From   William Hauser <[email protected]>
To   [email protected]
Subject   st: xtmelogit convergence issues and log transforming IVs
Date   Tue, 24 Jan 2012 15:53:36 -0500

Hi all,
I'm working with a dataset consisting of court cases nested within
judges nested within circuit.  The model is specified as 2 levels
(cases<judges) with circuit represented as 19 dummy variables (20
circuits, 1 omitted as reference).  The outcome is dichotomous so I'm
using the xtmelogit command.  Stata is version 12, intercooled.

The problem is that the model simply will not converge unless I
transform two of the predictor variables which are, in their
untransformed form, highly overdispersed.  These variables represent
the number of "points" the offender receives for their present offense
and for their prior record if they have one (more on that shortly).

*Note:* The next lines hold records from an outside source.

(*
  A queue's evolution during an epoch only reads the actions of its closed neighbourhood, and
  actions are drawn independently at the nodes. Hence the law of the state restricted to a finite
  set S at epoch t + 1 is obtained from its law on the neighbourhood of S at epoch t by a local
  kernel, and the expected drops at a node during epoch t only depend on its (t + 2)-ball (marks up
  to distance t + 1, and degrees up to distance t + 1, which enter the arrival rates).

  So the discounted cost at the root, capped at root degree d, is a bounded function on G_* that is
  locally constant, hence bounded and continuous for the local weak topology. The finite objective
  is minus the expectation of the empirical average of this function over the roots of G_n, the
  limit objective minus its integral, and convergence in probability of uniformly bounded averages
  gives convergence of their expectations. The cap is harmless: applying local weak convergence to
  the indicator of root degree > d shows that the limit has root degree at most d almost surely.
*)

theory Submission
  imports Defs
begin

lemma measurable_PiM_pmf_kernel:
  fixes K :: "'x \<Rightarrow> 'i \<Rightarrow> 'b pmf"
  assumes K: "\<And>i. i \<in> I \<Longrightarrow> (\<lambda>x. measure_pmf (K x i)) \<in> M \<rightarrow>\<^sub>M subprob_algebra (count_space UNIV)"
  shows "(\<lambda>x. PiM I (\<lambda>i. measure_pmf (K x i))) \<in> M \<rightarrow>\<^sub>M subprob_algebra (PiM I (\<lambda>_. count_space UNIV))"
proof (rule measurable_subprob_algebra_generated[OF sets_PiM Int_stable_prod_algebra prod_algebra_sets_into_space])
  fix a assume "a \<in> space M"
  show "subprob_space (PiM I (\<lambda>i. measure_pmf (K a i)))"
    by (intro prob_space_imp_subprob_space prob_space_PiM) (simp add: prob_space_measure_pmf)
  show "sets (PiM I (\<lambda>i. measure_pmf (K a i))) = sets (PiM I (\<lambda>_. count_space UNIV))"
    by (intro sets_PiM_cong) auto
next
  fix A assume "A \<in> prod_algebra I (\<lambda>_. count_space UNIV :: 'b measure)"
  then obtain J E where A: "A = prod_emb I (\<lambda>_. count_space UNIV) J (\<Pi>\<^sub>E j\<in>J. E j)"
    "finite J" "J \<noteq> {} \<or> I = {}" "J \<subseteq> I" by (rule prod_algebraE)
  have eq: "emeasure (PiM I (\<lambda>i. measure_pmf (K x i))) A = (\<Prod>j\<in>J. emeasure (measure_pmf (K x j)) (E j))" for x
  proof -
    interpret product_prob_space "\<lambda>i. measure_pmf (K x i)" I
      by unfold_locales
    have "A = prod_emb I (\<lambda>i. measure_pmf (K x i)) J (\<Pi>\<^sub>E j\<in>J. E j)"
      unfolding A(1) prod_emb_def by simp
    then show ?thesis using A by (simp add: emeasure_PiM_emb)
  qed
  show "(\<lambda>a. emeasure (PiM I (\<lambda>i. measure_pmf (K a i))) A) \<in> borel_measurable M"
    unfolding eq
  proof (intro borel_measurable_prod_ennreal)
    fix j assume "j \<in> J"
    then have "j \<in> I" using A by auto
    then show "(\<lambda>x. emeasure (measure_pmf (K x j)) (E j)) \<in> borel_measurable M"
      by (intro measurable_compose[OF K] measurable_emeasure_subprob_algebra) auto
  qed
next
  have "emeasure (PiM I (\<lambda>i. measure_pmf (K x i))) (\<Pi>\<^sub>E i\<in>I. space (count_space UNIV)) = 1" for x
  proof -
    interpret prob_space "PiM I (\<lambda>i. measure_pmf (K x i))"
      by (intro prob_space_PiM) (simp add: prob_space_measure_pmf)
    show ?thesis using emeasure_space_1 by (simp add: space_PiM)
  qed
  then show "(\<lambda>a. emeasure (PiM I (\<lambda>i. measure_pmf (K a i))) (\<Pi>\<^sub>E i\<in>I. space (count_space UNIV))) \<in> borel_measurable M"
    by simp
qed

lemma measurable_restrict_count_space_PiE:
  assumes "finite S" "S \<subseteq> I"
  shows "(\<lambda>x. restrict x S) \<in> PiM I (\<lambda>_. count_space (UNIV::'b::countable set)) \<rightarrow>\<^sub>M count_space (PiE S (\<lambda>_. UNIV))"
proof -
  have "(\<lambda>x. restrict x S) \<in> PiM I (\<lambda>_. count_space (UNIV::'b set)) \<rightarrow>\<^sub>M PiM S (\<lambda>_. count_space UNIV)"
    using assms by (intro measurable_restrict_subset)
  moreover have "PiM S (\<lambda>_. count_space (UNIV::'b set)) = count_space (PiE S (\<lambda>_. UNIV))"
    using assms by (intro count_space_PiM_finite) auto
  ultimately show ?thesis by simp
qed

lemma measurable_restrict_count_space:
  assumes "finite S" "S \<subseteq> I"
  shows "(\<lambda>x. restrict x S) \<in> PiM I (\<lambda>_. count_space (UNIV::'b::countable set)) \<rightarrow>\<^sub>M count_space UNIV"
  by (rule measurable_comp[OF measurable_restrict_count_space_PiE[OF assms], of "\<lambda>x. x", simplified o_def]) simp

lemma distr_PiM_restrict_eq_Pi_pmf:
  fixes p :: "'i \<Rightarrow> 'b::countable pmf"
  assumes S: "finite S" "S \<subseteq> I"
  shows "distr (PiM I (\<lambda>i. measure_pmf (p i))) (count_space UNIV) (\<lambda>x. restrict x S) =
    measure_pmf (Pi_pmf S undefined p)"
proof -
  interpret product_prob_space "\<lambda>i. measure_pmf (p i)" I by unfold_locales
  have "sets (PiM I (\<lambda>_. count_space (UNIV::'b set))) = sets (PiM I (\<lambda>i. measure_pmf (p i)))"
    by (intro sets_PiM_cong) auto
  then have restrict_meas: "(\<lambda>x. restrict x S) \<in> PiM I (\<lambda>i. measure_pmf (p i)) \<rightarrow>\<^sub>M count_space UNIV"
    using measurable_restrict_count_space[OF S, where 'b='b] measurable_cong_sets by blast
  show ?thesis
  proof (rule measure_eqI_countable_AE[where \<Omega>="PiE S (\<lambda>_. UNIV)"])
    show "AE x in distr (PiM I (\<lambda>i. measure_pmf (p i))) (count_space UNIV) (\<lambda>x. restrict x S). x \<in> PiE S (\<lambda>_. UNIV)"
      using restrict_meas by (subst AE_distr_iff) auto
    show "AE x in measure_pmf (Pi_pmf S undefined p). x \<in> PiE S (\<lambda>_. UNIV)"
      using set_Pi_pmf_subset[OF S(1), of undefined p] by (intro AE_pmfI) (auto simp: PiE_def extensional_def)
    show "countable (PiE S (\<lambda>_. UNIV :: 'b set))" using S by (intro countable_PiE) auto
    fix f assume f: "f \<in> PiE S (\<lambda>_. UNIV :: 'b set)"
    have "(\<lambda>x. restrict x S) -` {f} \<inter> space (PiM I (\<lambda>i. measure_pmf (p i))) =
        prod_emb I (\<lambda>i. measure_pmf (p i)) S (PiE S (\<lambda>i. {f i}))"
      using f by (auto simp: prod_emb_def space_PiM PiE_def extensional_def fun_eq_iff restrict_def Pi_def)
    then have "emeasure (distr (PiM I (\<lambda>i. measure_pmf (p i))) (count_space UNIV) (\<lambda>x. restrict x S)) {f}
       = (\<Prod>i\<in>S. emeasure (measure_pmf (p i)) {f i})"
      using restrict_meas S by (subst emeasure_distr) (auto simp: emeasure_PiM_emb)
    also have "\<dots> = emeasure (measure_pmf (Pi_pmf S undefined p)) {f}"
      using f S by (simp add: emeasure_pmf_single prod_ennreal pmf_Pi PiE_def extensional_def)
    finally show "emeasure (distr (PiM I (\<lambda>i. measure_pmf (p i))) (count_space UNIV) (\<lambda>x. restrict x S)) {f} =
       emeasure (measure_pmf (Pi_pmf S undefined p)) {f}" .
  qed auto
qed

lemma Pi_pmf_reindex:
  assumes fin: "finite A" and inj: "inj_on \<phi> A" and inv: "\<And>i. i \<in> A \<Longrightarrow> \<psi> (\<phi> i) = i"
  shows "Pi_pmf (\<phi> ` A) undefined (\<lambda>j. q (\<psi> j)) =
    map_pmf (\<lambda>a. restrict (a \<circ> \<psi>) (\<phi> ` A)) (Pi_pmf A undefined q)"
proof (rule pmf_eqI)
  fix f
  show "pmf (Pi_pmf (\<phi> ` A) undefined (\<lambda>j. q (\<psi> j))) f =
    pmf (map_pmf (\<lambda>a. restrict (a \<circ> \<psi>) (\<phi> ` A)) (Pi_pmf A undefined q)) f"
  proof (cases "\<forall>x. x \<notin> \<phi> ` A \<longrightarrow> f x = undefined")
    case True
    have "(\<lambda>a. restrict (a \<circ> \<psi>) (\<phi> ` A)) -` {f} = Pi A (\<lambda>i. {f (\<phi> i)})"
      using True inv by (auto simp: fun_eq_iff restrict_def Pi_def)
    then have "pmf (map_pmf (\<lambda>a. restrict (a \<circ> \<psi>) (\<phi> ` A)) (Pi_pmf A undefined q)) f =
        (\<Prod>i\<in>A. pmf (q i) (f (\<phi> i)))"
      unfolding pmf_map using fin by (simp add: measure_Pi_pmf_Pi measure_pmf_single)
    also have "\<dots> = (\<Prod>j\<in>\<phi> ` A. pmf (q (\<psi> j)) (f j))"
      using inj inv by (simp add: prod.reindex)
    finally show ?thesis using True fin by (simp add: pmf_Pi)
  next
    case False
    then have "(\<lambda>a. restrict (a \<circ> \<psi>) (\<phi> ` A)) -` {f} = {}" by (auto simp: restrict_def)
    then show ?thesis using False fin by (auto simp: pmf_Pi pmf_map)
  qed
qed

lemma (in prob_space) abs_integral_le_const:
  fixes f :: "_ \<Rightarrow> real"
  assumes bound: "\<And>x. x \<in> space M \<Longrightarrow> \<bar>f x\<bar> \<le> C"
  shows "\<bar>integral\<^sup>L M f\<bar> \<le> C"
proof (cases "integrable M f")
  case True
  have "\<bar>integral\<^sup>L M f\<bar> \<le> integral\<^sup>L M (\<lambda>x. \<bar>f x\<bar>)"
    using integral_abs_bound[of M f] by simp
  also have "\<dots> \<le> C"
    using True bound by (intro integral_le_const AE_I2) auto
  finally show ?thesis .
next
  case False
  obtain x where "x \<in> space M" using not_empty by blast
  then show ?thesis using bound[of x] False by (simp add: not_integrable_integral_eq)
qed

lemma
  fixes x :: "nat \<Rightarrow> real"
  assumes "0 \<le> \<gamma>" "\<gamma> < 1" and bound: "\<And>t. \<bar>x t\<bar> \<le> C"
  shows summable_discounted: "summable (\<lambda>t. \<gamma> ^ t * x t)"
    and abs_suminf_discounted_le: "\<bar>\<Sum>t. \<gamma> ^ t * x t\<bar> \<le> C / (1 - \<gamma>)"
proof -
  have le: "\<bar>\<gamma> ^ t * x t\<bar> \<le> C * \<gamma> ^ t" for t
    using mult_left_mono[OF bound[of t], of "\<gamma> ^ t"] assms by (simp add: abs_mult mult.commute)
  have geom: "summable (\<lambda>t. C * \<gamma> ^ t)" using assms by (intro summable_mult summable_geometric) simp
  have abs_summable: "summable (\<lambda>t. \<bar>\<gamma> ^ t * x t\<bar>)"
    by (rule summable_rabs_comparison_test[OF _ geom]) (use le in auto)
  then show "summable (\<lambda>t. \<gamma> ^ t * x t)" by (rule summable_rabs_cancel)
  have "\<bar>\<Sum>t. \<gamma> ^ t * x t\<bar> \<le> (\<Sum>t. \<bar>\<gamma> ^ t * x t\<bar>)" by (rule summable_rabs[OF abs_summable])
  also have "\<dots> \<le> (\<Sum>t. C * \<gamma> ^ t)" by (rule suminf_le[OF le abs_summable geom])
  also have "\<dots> = C / (1 - \<gamma>)" using assms by (simp add: suminf_mult suminf_geometric)
  finally show "\<bar>\<Sum>t. \<gamma> ^ t * x t\<bar> \<le> C / (1 - \<gamma>)" .
qed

Problem is, I'm not sure how to interpret the resulting odds ratios
for the log transformed predictor variables (crime seriousness and
prior record).

Using the natural log, calculated as ln(xvar), I think the coefficient
represents the change in odds for increasing x by a factor of ~2.7
(the value of e).  This would seem to be very unintuitive if correct.
Alternatively, I can use the log to base 1.10 of the x vars,
calculated as ln(xvar)/ln(1.10), which I think might be interpreted as
the odds ratio for a 10% change in x but I'm not at all sure.

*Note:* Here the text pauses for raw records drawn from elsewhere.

lemma tail_value_beyond: "j < t \<Longrightarrow> tail_value m j c t = 0"
  by (simp add: tail_value_def)

lemma tail_value_0: "tail_value m j c 0 = (\<Sum>i\<le>j. c i * m ^ i)"
  by (simp add: tail_value_def atLeast0AtMost)

lemma tail_value_chain_multiplicities:
  assumes K: "K \<in> tail_chains m j n" and "1 \<le> t"
  shows "tail_value m j (chain_multiplicities m j n K) t = K t"
proof (cases "t \<le> j + 1")
  case True
  then show ?thesis
  proof (induction t rule: inc_induct)
    case base
    show ?case using K by (simp add: tail_value_beyond tail_chains_def)
  next
    case (step u)
    have u: "1 \<le> u" "u \<le> j" using step.hyps \<open>1 \<le> t\<close> by auto
    then have "m * K (u + 1) \<le> K u"
      using K by (cases "u = j") (auto simp: tail_chains_def)
    then show ?case
      using u step.IH by (simp add: tail_value_rec chain_multiplicities_def)
  qed
next
  case False
  then show ?thesis using K by (simp add: tail_value_beyond tail_chains_def)
qed

lemma card_power_multiplicities_eq_card_tail_chains:
  "card (power_multiplicities m j n) = card (tail_chains m j n)"
proof (rule bij_betw_same_card[OF bij_betw_byWitness[where f' = "chain_multiplicities m j n"]])
  let ?tails = "\<lambda>c t. if t = 0 then 0 else tail_value m j c t"
  have total: "c 0 + m * tail_value m j c 1 = n" if "c \<in> power_multiplicities m j n" for c
    using that tail_value_rec[of 0 j m c] by (simp add: tail_value_0 power_multiplicities_def)
  show "\<forall>c\<in>power_multiplicities m j n. chain_multiplicities m j n (?tails c) = c"
  proof
    fix c assume c: "c \<in> power_multiplicities m j n"
    show "chain_multiplicities m j n (?tails c) = c"
      using total[OF c] c tail_value_rec[of _ j m c]
      by (auto simp: fun_eq_iff chain_multiplicities_def power_multiplicities_def)
  qed
  show "\<forall>K\<in>tail_chains m j n. ?tails (chain_multiplicities m j n K) = K"
    using tail_value_chain_multiplicities by (auto simp: fun_eq_iff tail_chains_def)
  show "?tails ` power_multiplicities m j n \<subseteq> tail_chains m j n"
    using total tail_value_rec
    by (fastforce simp: tail_chains_def tail_value_beyond)
  show "chain_multiplicities m j n ` tail_chains m j n \<subseteq> power_multiplicities m j n"
  proof
    fix c assume "c \<in> chain_multiplicities m j n ` tail_chains m j n"
    then obtain K where K: "K \<in> tail_chains m j n" and c: "c = chain_multiplicities m j n K"
      by blast
    have "(\<Sum>i\<le>j. c i * m ^ i) = c 0 + m * tail_value m j c 1"
      by (simp add: tail_value_rec flip: tail_value_0)
    also have "\<dots> = n"
      using K c tail_value_chain_multiplicities[OF K, of 1]
      by (simp add: chain_multiplicities_def tail_chains_def)
    finally show "c \<in> power_multiplicities m j n"
      using c by (simp add: power_multiplicities_def chain_multiplicities_def)
  qed
qed

definition digit_tuples :: "nat \<Rightarrow> nat \<Rightarrow> nat \<Rightarrow> (nat \<Rightarrow> nat) set" where
  "digit_tuples m j n = {k. (\<forall>t. t \<notin> {1..j} \<longrightarrow> k t = 0) \<and> k j \<le> digit m n j \<and>
                          (\<forall>t. 1 \<le> t \<and> t \<le> j - 1 \<longrightarrow> k t \<le> digit m n t + m * k (t + 1))}"

lemma div_power_digit_rec: "n div m ^ t = digit m n t + m * (n div m ^ (t + 1))"
proof -
  have "n div m ^ (t + 1) = n div m ^ t div m"
    by (metis div_mult2_eq power_Suc2 Suc_eq_plus1)
  then show ?thesis
    unfolding digit_def by (metis mod_mult_div_eq add.commute)
qed

lemma digit_top:
  assumes "n < m ^ (j + 1)"
  shows "digit m n j = n div m ^ j"
proof -
  have "0 < m" using assms by (cases m) auto
  then have "n div m ^ j < m"
    using assms by (simp add: div_less_iff_less_mult mult.commute)
  then show ?thesis by (simp add: digit_def)
qed

lemma tail_chain_le_div_power:
  assumes "0 < m" "K \<in> tail_chains m j n" "1 \<le> t" "t \<le> j"
  shows "K t \<le> n div m ^ t"
  using assms(3,4)
proof (induction t rule: dec_induct)
  case base
  then show ?case
    using assms(1,2) by (simp add: tail_chains_def less_eq_div_iff_mult_less_eq mult.commute)
next
  case (step u)
  then have "m * K (u + 1) \<le> n div m ^ u"
    using assms(2) by (fastforce simp: tail_chains_def)
  then show ?case
    using assms(1) by (simp add: less_eq_div_iff_mult_less_eq div_mult2_eq ac_simps)
qed

lemma digit_tuple_le_div_power:
  assumes "n < m ^ (j + 1)" "k \<in> digit_tuples m j n" "1 \<le> t" "t \<le> j"
  shows "k t \<le> n div m ^ t"
  using assms(4)
proof (induction t rule: inc_induct)
  case base
  then show ?case using assms(2) digit_top[OF assms(1)] by (simp add: digit_tuples_def)
next
  case (step u)
  then have "k u \<le> digit m n u + m * k (u + 1)"
    using assms(2,3) by (simp add: digit_tuples_def)
  also have "\<dots> \<le> digit m n u + m * (n div m ^ (u + 1))"
    using step.IH by simp
  finally show ?case by (simp add: div_power_digit_rec[of n m u])
qed

lemma complement_step_iff:
  fixes N N' K K' a m :: nat
  assumes "N = a + m * N'" "K \<le> N" "K' \<le> N'"
  shows "m * K' \<le> K \<longleftrightarrow> N - K \<le> a + m * (N' - K')"
proof -
  have "m * K' \<le> m * N'" using assms(3) by simp
  moreover have "m * (N' - K') = m * N' - m * K'" by (simp add: diff_mult_distrib2)
  ultimately show ?thesis using assms(1,2) by linarith
qed

lemma card_tail_chains_eq_card_digit_tuples:
  assumes m: "0 < m" and n: "n < m ^ (j + 1)"
  shows "card (tail_chains m j n) = card (digit_tuples m j n)"
proof -
  define h where "h K t = (if 1 \<le> t \<and> t \<le> j then n div m ^ t - K t else 0)" for K t
  note L_bound = tail_chain_le_div_power[OF m] and T_bound = digit_tuple_le_div_power[OF n]
  have step_iff: "m * K (t + 1) \<le> K t \<longleftrightarrow> h K t \<le> digit m n t + m * h K (t + 1)"
    if "1 \<le> t" "t \<le> j - 1" "K t \<le> n div m ^ t" "K (t + 1) \<le> n div m ^ (t + 1)" for K t
    using that complement_step_iff[OF div_power_digit_rec[of n m t]] by (simp add: h_def)
  show ?thesis
  proof (rule bij_betw_same_card[OF bij_betw_byWitness[where f' = h]])
    show "\<forall>K\<in>tail_chains m j n. h (h K) = K"
      using L_bound by (auto simp: fun_eq_iff h_def tail_chains_def)
    show "\<forall>k\<in>digit_tuples m j n. h (h k) = k"
      using T_bound by (auto simp: fun_eq_iff h_def digit_tuples_def)
    show "h ` tail_chains m j n \<subseteq> digit_tuples m j n"
    proof
      fix k assume "k \<in> h ` tail_chains m j n"
      then obtain K where K: "K \<in> tail_chains m j n" and k: "k = h K" by blast
      have "k j \<le> digit m n j" using k digit_top[OF n] by (simp add: h_def)
      moreover have "k t \<le> digit m n t + m * k (t + 1)" if "1 \<le> t" "t \<le> j - 1" for t
        using that K k step_iff[of t K] L_bound[OF K, of t] L_bound[OF K, of "t + 1"]
        by (simp add: tail_chains_def)
      ultimately show "k \<in> digit_tuples m j n" using k by (simp add: digit_tuples_def h_def)
    qed
    show "h ` digit_tuples m j n \<subseteq> tail_chains m j n"
    proof
      fix K assume "K \<in> h ` digit_tuples m j n"
      then obtain k where k: "k \<in> digit_tuples m j n" and K: "K = h k" by blast
      have "m * K 1 \<le> m * (n div m)" using K by (simp add: h_def)
      also have "\<dots> \<le> n" by (metis div_times_less_eq_dividend mult.commute)
      finally have "m * K 1 \<le> n" .
      moreover have "m * K (t + 1) \<le> K t" if "1 \<le> t" "t \<le> j - 1" for t
      proof -
        have "h K t = k t" "h K (t + 1) = k (t + 1)"
          using that K T_bound[OF k, of t] T_bound[OF k, of "t + 1"] by (auto simp: h_def)
        then show ?thesis
          using that k K step_iff[of t K] by (simp add: digit_tuples_def h_def)
      qed
      ultimately show "K \<in> tail_chains m j n" using K by (simp add: tail_chains_def h_def)
    qed
  qed
qed

lemma digit_tuples_0: "digit_tuples m 0 n = {\<lambda>_. 0}"
  by (auto simp: digit_tuples_def fun_eq_iff)

theorem theorem1p2:
  fixes m n j :: nat
  assumes "m \<ge> 2" and "n > 0" and "m ^ j \<le> n" and "n < m ^ (j + 1)"
  shows "b m n = card {k :: nat \<Rightarrow> nat.
            (\<forall>t. t \<notin> {1..j} \<longrightarrow> k t = 0) \<and>
            k j \<le> digit m n j \<and>
            (\<forall>t. 1 \<le> t \<and> t \<le> j - 1 \<longrightarrow> k t \<le> digit m n t + m * k (t + 1))}
       \<and> (j = 0 \<longrightarrow> b m n = 1)"
proof -
  have "b m n = card (power_multiplicities m j n)"
    using assms(1,4) by (simp add: b_eq_card_power_multiplicities)
  also have "\<dots> = card (tail_chains m j n)"
    by (rule card_power_multiplicities_eq_card_tail_chains)
  also have "\<dots> = card (digit_tuples m j n)"
    using assms(1,4) by (simp add: card_tail_chains_eq_card_digit_tuples)
  finally have "b m n = card (digit_tuples m j n)" .
  then show ?thesis
    using digit_tuples_0 unfolding digit_tuples_def by auto
qed

end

So, what is the correct/best transformation for this application and
how do I interpret it?

There is also the vexing issue the log of 0.  For crime seriousness
there are no zeros since everyone committed a crime.  But for prior
record there are those with no prior record.  One solution that seems
to be roundly criticized is the addition of a constant such as .5 or 1
to all cases before logging.  Another solution is to keep the 0's as 0
and create a dummy coded as 1 for all cases with that 0 value (i.e.
those that would've been undefined or ".").  The syntax for the latter
solution looks like this,

gen log_priors=(ln(prior_record)/ln(1.10)
(a bunch of missing values result for all those cases where the
offender has no prior record)
replace log_priors=0 if prior_record==0
gen no_priors=0
replace no_priors=1 if prior_record==0

Anyone know if this is an acceptable solution or if perhaps another
transformation that is amenable to zeros is in order?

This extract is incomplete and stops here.